WriteContext and ReadContext hold operation-local state

WriteContext and ReadContext are prepared by Fory for one root operation and reset by Fory in a finally block before reuse.

prepare(...) should only bind the active buffer and root-operation inputs. reset() should clear operation-local mutable state.

That operation-local state includes:

  • the current buffer
  • the active RefWriter or RefReader
  • meta-string state
  • shared type-definition state
  • operation-local scratch state keyed by identity
  • logical object-graph depth

Generated and hand-written serializers should treat these contexts as the only source of operation-local services. Serializers must not keep ambient instance state in thread locals, globals, or serializer instance fields.

WriteContext

WriteContext owns all write-side per-operation state:

  • current Buffer
  • RefWriter
  • MetaStringWriter
  • shared TypeDef write state
  • root trackRef mode
  • recursion depth and limits

It exposes one-shot primitive helpers such as:

  • writeBool
  • writeInt32
  • writeVarUInt32

These helpers are convenience methods. Serializers that perform repeated primitive IO should cache final buffer = context.buffer; and call buffer methods directly.

ReadContext

ReadContext owns all read-side per-operation state:

  • current Buffer
  • RefReader
  • MetaStringReader
  • shared TypeDef read state
  • recursion depth and limits

It exposes matching one-shot primitive helpers such as:

  • readBool
  • readInt32
  • readVarUInt32

Generated struct serializers call context.reference(value) immediately after constructing the target instance so back-references can resolve to that object.

Reference Tracking

Reference handling is split behind two explicit services:

  • RefWriter writes null, ref, and new-value markers and remembers previously written objects by identity.
  • RefReader decodes those markers, reserves read reference IDs, and resolves previously materialized objects.
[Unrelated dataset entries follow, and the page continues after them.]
(* For any $m>8\pi$ there exist $\varepsilon>0$ and $\ell>0$ such that, with $\tau(t):=\varepsilon-\ell t$ and $a(t):=4e^{\tau(t)}$ for $t\in(0,\varepsilon/\ell)$, the function $$\underline M(\rho,t):=\frac{a(t)\rho}{\rho+\tau(t)^3},\qquad(\rho,t)\in[0,1]\times[0,\varepsilon/\ell),$$ satisfies $$\sup_{t\in(0,\varepsilon/\ell)}\underline M(1,t)<\frac{m}{2\pi},\qquad \inf_{\rho\in(0,1)}\underline M_\rho(\rho,t)>0\ \text{ for all }t\in[0,\varepsilon/\ell),$$ and $$\Theta\underline M\le0\quad\text{for all }\rho\in(0,1),\ t\in(0,\varepsilon/\ell).$$ In particular $\underline M(0,t)=0$ for all $t\in(0,\varepsilon/\ell)$, while $\underline M(\rho,t)\to4$ as $t\uparrow\varepsilon/\ell$ for every $\rho\in(0,1]$.
   Context: For $T>0$ and $f\in C^{2,1}((0,1)\times(0,T))$ the operator $\Theta$ is defined by $$\Theta f:=f_t-4\rho f_{\rho\rho}-2f_\rho\Big(f-\frac{m\rho}{2\pi}\Big).$$ *)

theory Defs
  imports "HOL-Analysis.Analysis"
begin

definition Theta :: "real \<Rightarrow> (real \<Rightarrow> real \<Rightarrow> real) \<Rightarrow> real \<Rightarrow> real \<Rightarrow> real" where
  "Theta m f \<rho> t =
     deriv (\<lambda>s. f \<rho> s) t
     - 4 * \<rho> * deriv (\<lambda>r. deriv (\<lambda>q. f q t) r) \<rho>
     - 2 * deriv (\<lambda>r. f r t) \<rho> * (f \<rho> t - m * \<rho> / (2 * pi))"

end

theory Submission
  imports Defs
begin

text \<open>Take \<open>\<ell> = 1\<close>, so that \<open>\<tau> = \<epsilon> - t\<close> and \<open>M = subsolution \<epsilon>\<close>.
  With \<open>D = \<rho> + \<tau>\<^sup>3\<close> a direct computation gives
  \<open>\<Theta>M = (a\<rho>/D\<^sup>3) (-D\<^sup>2 + 3\<tau>\<^sup>2D + 8\<tau>\<^sup>3 - 2a\<tau>\<^sup>3 + (m/\<pi>)\<tau>\<^sup>3D)\<close>.
  Since \<open>a = 4e\<^sup>\<tau> \<ge> 4(1 + \<tau>)\<close>, as soon as \<open>(m/\<pi>)\<tau> \<le> 1\<close> the bracket is at most
  \<open>-(D - 2\<tau>\<^sup>2)\<^sup>2 - 4\<tau>\<^sup>4 \<le> 0\<close>. The hypothesis \<open>m > 8\<pi>\<close>, i.e. \<open>4 < m/(2\<pi>)\<close>, leaves
  room to take \<open>\<epsilon>\<close> so small that moreover \<open>M(1,t) \<le> 4e\<^sup>\<epsilon> < m/(2\<pi>)\<close>.\<close>

definition subsolution :: "real \<Rightarrow> real \<Rightarrow> real \<Rightarrow> real" where
  "subsolution \<epsilon> \<rho> t = 4 * exp (\<epsilon> - t) * \<rho> / (\<rho> + (\<epsilon> - t) ^ 3)"

lemma has_real_derivative_linear_fraction:
  fixes A c r :: real
  assumes "r + c \<noteq> 0"
  shows "((\<lambda>r. A * r / (r + c)) has_real_derivative A * c / (r + c)\<^sup>2) (at r)"
proof -
  have "(A * (r + c) - A * r) / ((r + c) * (r + c)) = A * c / (r + c)\<^sup>2"
    by (simp add: power2_eq_square algebra_simps)
  with assms show ?thesis by (auto intro!: derivative_eq_intros)
qed

lemma has_real_derivative_inverse_square:
  fixes A c r :: real
  assumes "r + c \<noteq> 0"
  shows "((\<lambda>r. A * c / (r + c)\<^sup>2) has_real_derivative - 2 * A * c / (r + c) ^ 3) (at r)"
proof -
  have "A * c * (2 * D) / D ^ 4 = 2 * A * c / D ^ 3" if "D \<noteq> 0" for D :: real
    using that by (simp add: eval_nat_numeral field_simps)
  from this[of "r + c"] have "A * c * (2 * r + 2 * c) / (r + c) ^ 4 = 2 * A * c / (r + c) ^ 3"
    using assms by (metis distrib_left)
  with assms show ?thesis by (auto intro!: derivative_eq_intros)
qed

lemma deriv_deriv_linear_fraction:
  fixes A c r :: real
  assumes "r + c \<noteq> 0"
  shows "deriv (\<lambda>r. deriv (\<lambda>q. A * q / (q + c)) r) r = - 2 * A * c / (r + c) ^ 3"
proof -
  have "\<forall>\<^sub>F q in nhds r. q \<in> {q. q + c \<noteq> 0}"
    using assms by (intro eventually_nhds_in_open) (auto simp: open_Collect_neq continuous_intros)
  then have "\<forall>\<^sub>F q in nhds r. deriv (\<lambda>q. A * q / (q + c)) q = A * c / (q + c)\<^sup>2"
    by eventually_elim (auto intro: DERIV_imp_deriv has_real_derivative_linear_fraction)
  then have "deriv (\<lambda>r. deriv (\<lambda>q. A * q / (q + c)) r) r = deriv (\<lambda>q. A * c / (q + c)\<^sup>2) r"
    by (rule deriv_cong_ev) simp
  also have "\<dots> = - 2 * A * c / (r + c) ^ 3"
    using assms by (intro DERIV_imp_deriv has_real_derivative_inverse_square)
  finally show ?thesis .
qed

lemma subsolution_zero [simp]: "subsolution \<epsilon> 0 t = 0"
  by (simp add: subsolution_def)

lemma deriv_subsolution_space:
  assumes "\<rho> + (\<epsilon> - t) ^ 3 \<noteq> 0"
  shows "deriv (\<lambda>r. subsolution \<epsilon> r t) \<rho>
    = 4 * exp (\<epsilon> - t) * (\<epsilon> - t) ^ 3 / (\<rho> + (\<epsilon> - t) ^ 3)\<^sup>2"
  unfolding subsolution_def using assms
  by (intro DERIV_imp_deriv has_real_derivative_linear_fraction)

lemma deriv2_subsolution_space:
  assumes "\<rho> + (\<epsilon> - t) ^ 3 \<noteq> 0"
  shows "deriv (\<lambda>r. deriv (\<lambda>q. subsolution \<epsilon> q t) r) \<rho>
    = - 2 * (4 * exp (\<epsilon> - t)) * (\<epsilon> - t) ^ 3 / (\<rho> + (\<epsilon> - t) ^ 3) ^ 3"
  unfolding subsolution_def using assms by (rule deriv_deriv_linear_fraction)

lemma deriv_subsolution_time:
  assumes "\<rho> + (\<epsilon> - t) ^ 3 \<noteq> 0"
  shows "deriv (\<lambda>s. subsolution \<epsilon> \<rho> s) t
    = - 4 * exp (\<epsilon> - t) * \<rho> / (\<rho> + (\<epsilon> - t) ^ 3)
      + 3 * (4 * exp (\<epsilon> - t)) * \<rho> * (\<epsilon> - t)\<^sup>2 / (\<rho> + (\<epsilon> - t) ^ 3)\<^sup>2"
proof -
  define \<tau> D where "\<tau> = \<epsilon> - t" and "D = \<rho> + \<tau> ^ 3"
  have "D \<noteq> 0" using assms by (simp add: D_def \<tau>_def)
  then have "(12 * (exp \<tau> * (\<rho> * \<tau>\<^sup>2)) - exp \<tau> * 4 * \<rho> * D) / (D * D)
    = - 4 * exp \<tau> * \<rho> / D + 3 * (4 * exp \<tau>) * \<rho> * \<tau>\<^sup>2 / D\<^sup>2"
    by (simp add: field_simps power2_eq_square)
  with assms show ?thesis
    unfolding subsolution_def D_def \<tau>_def by (intro DERIV_imp_deriv) (auto intro!: derivative_eq_intros)
qed

lemma Theta_subsolution:
  fixes m \<epsilon> \<rho> t :: real
  defines "\<tau> \<equiv> \<epsilon> - t"
  defines "A \<equiv> 4 * exp \<tau>" and "D \<equiv> \<rho> + \<tau> ^ 3"
  assumes "D \<noteq> 0"
  shows "Theta m (subsolution \<epsilon>) \<rho> t
    = A * \<rho> / D ^ 3 * (- D\<^sup>2 + 3 * \<tau>\<^sup>2 * D + 8 * \<tau> ^ 3 - 2 * A * \<tau> ^ 3 + m / pi * \<tau> ^ 3 * D)"
proof -
  have nz: "\<rho> + (\<epsilon> - t) ^ 3 \<noteq> 0" using assms by (simp add: D_def \<tau>_def)
  have "Theta m (subsolution \<epsilon>) \<rho> t
    = - A * \<rho> / D + 3 * A * \<rho> * \<tau>\<^sup>2 / D\<^sup>2 - 4 * \<rho> * (- 2 * A * \<tau> ^ 3 / D ^ 3)
      - 2 * (A * \<tau> ^ 3 / D\<^sup>2) * (A * \<rho> / D - m * \<rho> / (2 * pi))"
    unfolding Theta_def deriv_subsolution_time[OF nz] deriv_subsolution_space[OF nz]
      deriv2_subsolution_space[OF nz]
    by (simp add: subsolution_def A_def D_def \<tau>_def)
  also have "\<dots> = A * \<rho> / D ^ 3 * (- D\<^sup>2 + 3 * \<tau>\<^sup>2 * D + 8 * \<tau> ^ 3 - 2 * A * \<tau> ^ 3 + m / pi * \<tau> ^ 3 * D)"
    using \<open>D \<noteq> 0\<close> by (simp add: field_simps eval_nat_numeral)
  finally show ?thesis .
qed

lemma Theta_bracket_nonpos:
  fixes \<tau> D A k :: real
  assumes "\<tau> \<ge> 0" "D \<ge> 0" "A \<ge> 4 * (1 + \<tau>)" "k * \<tau> \<le> 1"
  shows "- D\<^sup>2 + 3 * \<tau>\<^sup>2 * D + 8 * \<tau> ^ 3 - 2 * A * \<tau> ^ 3 + k * \<tau> ^ 3 * D \<le> 0"
proof -
  have "k * \<tau> * (\<tau>\<^sup>2 * D) \<le> 1 * (\<tau>\<^sup>2 * D)"
    using assms by (intro mult_right_mono) auto
  moreover have "4 * (1 + \<tau>) * \<tau> ^ 3 \<le> A * \<tau> ^ 3"
    using assms by (intro mult_right_mono) auto
  ultimately have "- D\<^sup>2 + 3 * \<tau>\<^sup>2 * D + 8 * \<tau> ^ 3 - 2 * A * \<tau> ^ 3 + k * \<tau> ^ 3 * D
      \<le> - (D - 2 * \<tau>\<^sup>2)\<^sup>2 - 4 * (\<tau>\<^sup>2)\<^sup>2"
    by (simp add: algebra_simps eval_nat_numeral)
  also have "\<dots> \<le> 0"
    using zero_le_power2[of "D - 2 * \<tau>\<^sup>2"] zero_le_power2[of "\<tau>\<^sup>2"] by linarith
  finally show ?thesis .
qed

lemma Theta_subsolution_nonpos:
  assumes "0 < \<rho>" "t < \<epsilon>" "m / pi * (\<epsilon> - t) \<le> 1"
  shows "Theta m (subsolution \<epsilon>) \<rho> t \<le> 0"
proof -
  define \<tau> where "\<tau> = \<epsilon> - t"
  have "\<tau> > 0" using assms by (simp add: \<tau>_def)
  then have D: "\<rho> + \<tau> ^ 3 > 0" using assms by (simp add: add_pos_pos)
  have Theta_eq: "Theta m (subsolution \<epsilon>) \<rho> t = 4 * exp \<tau> * \<rho> / (\<rho> + \<tau> ^ 3) ^ 3
      * (- (\<rho> + \<tau> ^ 3)\<^sup>2 + 3 * \<tau>\<^sup>2 * (\<rho> + \<tau> ^ 3) + 8 * \<tau> ^ 3 - 2 * (4 * exp \<tau>) * \<tau> ^ 3
        + m / pi * \<tau> ^ 3 * (\<rho> + \<tau> ^ 3))"
    unfolding \<tau>_def using D by (intro Theta_subsolution) (simp add: \<tau>_def)
  have "4 * (1 + \<tau>) \<le> 4 * exp \<tau>" by (intro mult_left_mono exp_ge_add_one_self) simp
  then have "- (\<rho> + \<tau> ^ 3)\<^sup>2 + 3 * \<tau>\<^sup>2 * (\<rho> + \<tau> ^ 3) + 8 * \<tau> ^ 3 - 2 * (4 * exp \<tau>) * \<tau> ^ 3
      + m / pi * \<tau> ^ 3 * (\<rho> + \<tau> ^ 3) \<le> 0"
    using assms D \<open>\<tau> > 0\<close> by (intro Theta_bracket_nonpos) (auto simp: \<tau>_def)
  moreover have "0 \<le> 4 * exp \<tau> * \<rho> / (\<rho> + \<tau> ^ 3) ^ 3" using assms D by simp
  ultimately show ?thesis
    unfolding Theta_eq by (rule mult_nonneg_nonpos[rotated])
qed

lemma subsolution_one_le:
  assumes "0 \<le> t" "t < \<epsilon>"
  shows "subsolution \<epsilon> 1 t \<le> 4 * exp \<epsilon>"
proof -
  have "(\<epsilon> - t) ^ 3 > 0" using assms by simp
  then have "0 < 1 + (\<epsilon> - t) ^ 3" by linarith
  then have "subsolution \<epsilon> 1 t \<le> 4 * exp (\<epsilon> - t) / 1"
    unfolding subsolution_def mult_1_right using assms by (intro divide_left_mono) auto
  also have "\<dots> \<le> 4 * exp \<epsilon>" using assms by simp
  finally show ?thesis .
qed

lemma deriv_subsolution_space_ge:
  assumes "0 < \<rho>" "\<rho> < 1" "t < \<epsilon>"
  shows "4 * exp (\<epsilon> - t) * (\<epsilon> - t) ^ 3 / (1 + (\<epsilon> - t) ^ 3)\<^sup>2 \<le> deriv (\<lambda>r. subsolution \<epsilon> r t) \<rho>"
proof -
  have "(\<epsilon> - t) ^ 3 > 0" using assms by simp
  then have c: "0 < (\<epsilon> - t) ^ 3" "0 < \<rho> + (\<epsilon> - t) ^ 3" "0 < 1 + (\<epsilon> - t) ^ 3"
    using assms by linarith+
  then have "(\<rho> + (\<epsilon> - t) ^ 3)\<^sup>2 \<le> (1 + (\<epsilon> - t) ^ 3)\<^sup>2"
    using assms by (intro power_mono) auto
  then have "4 * exp (\<epsilon> - t) * (\<epsilon> - t) ^ 3 / (1 + (\<epsilon> - t) ^ 3)\<^sup>2
      \<le> 4 * exp (\<epsilon> - t) * (\<epsilon> - t) ^ 3 / (\<rho> + (\<epsilon> - t) ^ 3)\<^sup>2"
    using assms c by (intro divide_left_mono mult_pos_pos) auto
  then show ?thesis
    using assms c by (simp add: deriv_subsolution_space)
qed

lemma INF_deriv_subsolution_space_pos:
  assumes "t < \<epsilon>"
  shows "bdd_below ((\<lambda>\<rho>. deriv (\<lambda>r. subsolution \<epsilon> r t) \<rho>) ` {0<..<1})
    \<and> (INF \<rho>\<in>{0<..<1}. deriv (\<lambda>r. subsolution \<epsilon> r t) \<rho>) > 0"
proof
  let ?b = "4 * exp (\<epsilon> - t) * (\<epsilon> - t) ^ 3 / (1 + (\<epsilon> - t) ^ 3)\<^sup>2"
  have b: "?b \<le> deriv (\<lambda>r. subsolution \<epsilon> r t) \<rho>" if "\<rho> \<in> {0<..<1}" for \<rho>
    using that assms by (intro deriv_subsolution_space_ge) auto
  then show "bdd_below ((\<lambda>\<rho>. deriv (\<lambda>r. subsolution \<epsilon> r t) \<rho>) ` {0<..<1})"
    by (intro bdd_belowI2) auto
  have "(\<epsilon> - t) ^ 3 > 0" using assms by simp
  then have "0 < 1 + (\<epsilon> - t) ^ 3" by linarith
  with assms have "0 < ?b" by (intro divide_pos_pos mult_pos_pos) auto
  also have "?b \<le> (INF \<rho>\<in>{0<..<1}. deriv (\<lambda>r. subsolution \<epsilon> r t) \<rho>)"
    using b by (intro cINF_greatest) auto
  finally show "(INF \<rho>\<in>{0<..<1}. deriv (\<lambda>r. subsolution \<epsilon> r t) \<rho>) > 0" .
qed

lemma tendsto_subsolution:
  assumes "\<rho> \<noteq> 0"
  shows "((\<lambda>t. subsolution \<epsilon> \<rho> t) \<longlongrightarrow> 4) (at_left \<epsilon>)"
proof -
  have "((\<lambda>t. subsolution \<epsilon> \<rho> t) \<longlongrightarrow> subsolution \<epsilon> \<rho> \<epsilon>) (at \<epsilon>)"
    unfolding subsolution_def using assms by (intro tendsto_intros) auto
  then show ?thesis
    using assms by (simp add: subsolution_def filterlim_at_split)
qed

lemma exists_small_epsilon:
  fixes m :: real
  assumes "m > 8 * pi"
  shows "\<exists>\<epsilon>>0. 4 * exp \<epsilon> < m / (2 * pi) \<and> m / pi * \<epsilon> \<le> 1"
proof -
  have "((\<lambda>\<epsilon>. 4 * exp \<epsilon>) \<longlongrightarrow> 4) (at_right (0::real))"
    by (auto intro!: tendsto_eq_intros)
  moreover have "4 < m / (2 * pi)"
    using assms by (simp add: field_simps)
  ultimately have "\<forall>\<^sub>F \<epsilon> in at_right 0. 4 * exp \<epsilon> < m / (2 * pi)"
    by (rule order_tendstoD(2))
  moreover have "((\<lambda>\<epsilon>. m / pi * \<epsilon>) \<longlongrightarrow> 0) (at_right (0::real))"
    by (auto intro!: tendsto_eq_intros)
  then have "\<forall>\<^sub>F \<epsilon> in at_right 0. m / pi * \<epsilon> < 1"
    by (rule order_tendstoD(2)) simp
  moreover have "\<forall>\<^sub>F \<epsilon> in at_right (0::real). \<epsilon> > 0"
    by (rule eventually_at_right_less)
  ultimately have "\<forall>\<^sub>F \<epsilon> in at_right 0. \<epsilon> > 0 \<and> 4 * exp \<epsilon> < m / (2 * pi) \<and> m / pi * \<epsilon> \<le> 1"
    by eventually_elim auto
  then show ?thesis
    by (rule eventually_happens'[OF trivial_limit_at_right_real, THEN exE]) blast
qed

theorem lemma2p1:
  fixes m :: real
  assumes "m > 8 * pi"
  shows "\<exists>\<epsilon>>0. \<exists>l>0.
    (let \<tau> = (\<lambda>t::real. \<epsilon> - l * t);
         a = (\<lambda>t. 4 * exp (\<tau> t));
         M = (\<lambda>\<rho> t. a t * \<rho> / (\<rho> + (\<tau> t) ^ 3));
         T = \<epsilon> / l
     in bdd_above ((\<lambda>t. M 1 t) ` {0<..<T})
        \<and> (SUP t\<in>{0<..<T}. M 1 t) < m / (2 * pi)
        \<and> (\<forall>t\<in>{0..<T}. bdd_below ((\<lambda>\<rho>. deriv (\<lambda>r. M r t) \<rho>) ` {0<..<1})
               \<and> (INF \<rho>\<in>{0<..<1}. deriv (\<lambda>r. M r t) \<rho>) > 0)
        \<and> (\<forall>\<rho>\<in>{0<..<1}. \<forall>t\<in>{0<..<T}. Theta m M \<rho> t \<le> 0)
        \<and> (\<forall>t\<in>{0<..<T}. M 0 t = 0)
        \<and> (\<forall>\<rho>\<in>{0<..1}. ((\<lambda>t. M \<rho> t) \<longlongrightarrow> 4) (at_left T)))"
proof -
  obtain \<epsilon> where \<epsilon>: "\<epsilon> > 0" "4 * exp \<epsilon> < m / (2 * pi)" "m / pi * \<epsilon> \<le> 1"
    using exists_small_epsilon[OF assms] by blast
  have at_one: "subsolution \<epsilon> 1 t \<le> 4 * exp \<epsilon>" if "t \<in> {0<..<\<epsilon>}" for t
    using that by (intro subsolution_one_le) auto
  have SUP_at_one: "(SUP t\<in>{0<..<\<epsilon>}. subsolution \<epsilon> 1 t) \<le> 4 * exp \<epsilon>"
    using at_one \<epsilon> by (intro cSUP_least) auto
  have small: "m / pi * (\<epsilon> - t) \<le> 1" if "t > 0" for t
  proof -
    have "m > 0" using assms pi_gt_zero by linarith
    with that have "m / pi * (\<epsilon> - t) \<le> m / pi * \<epsilon>"
      by (intro mult_left_mono) auto
    with \<epsilon> show ?thesis by linarith
  qed
  show ?thesis
    apply (rule exI[of _ \<epsilon>], intro conjI \<open>\<epsilon> > 0\<close> exI[of _ "1::real"] zero_less_one)
    unfolding Let_def mult_1 div_by_1 subsolution_def[symmetric] using \<epsilon> at_one SUP_at_one small
    by (intro conjI ballI bdd_aboveI2 Theta_subsolution_nonpos
        INF_deriv_subsolution_space_pos tendsto_subsolution) auto
qed

end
The xlang ref markers are:

  • NULL_FLAG (-3)
  • REF_FLAG (-2)
  • NOT_NULL_VALUE_FLAG (-1)
  • REF_VALUE_FLAG (0)

Key behavior:

  • basic values never use ref tracking
  • field metadata controls ref behavior inside generated structs
  • root trackRef is only for top-level graphs and container roots with no field metadata
  • serializers that allocate an object before all nested reads complete must bind that object early with context.reference(...)

Type Resolution

TypeResolver owns:

  • built-in type resolution
  • registration by numeric id or by namespace + typeName
  • serializer lookup
  • struct metadata lookup
  • type metadata encoding and decoding
  • canonical encoded meta strings for package names, type names, and field names
  • encoded-name lookup for named type resolution
  • wire type decisions for struct, compatible struct, enum, ext, and union forms

In Java xlang mode the concrete implementation is XtypeResolver. In Dart the same ownership stays behind the internal TypeResolver.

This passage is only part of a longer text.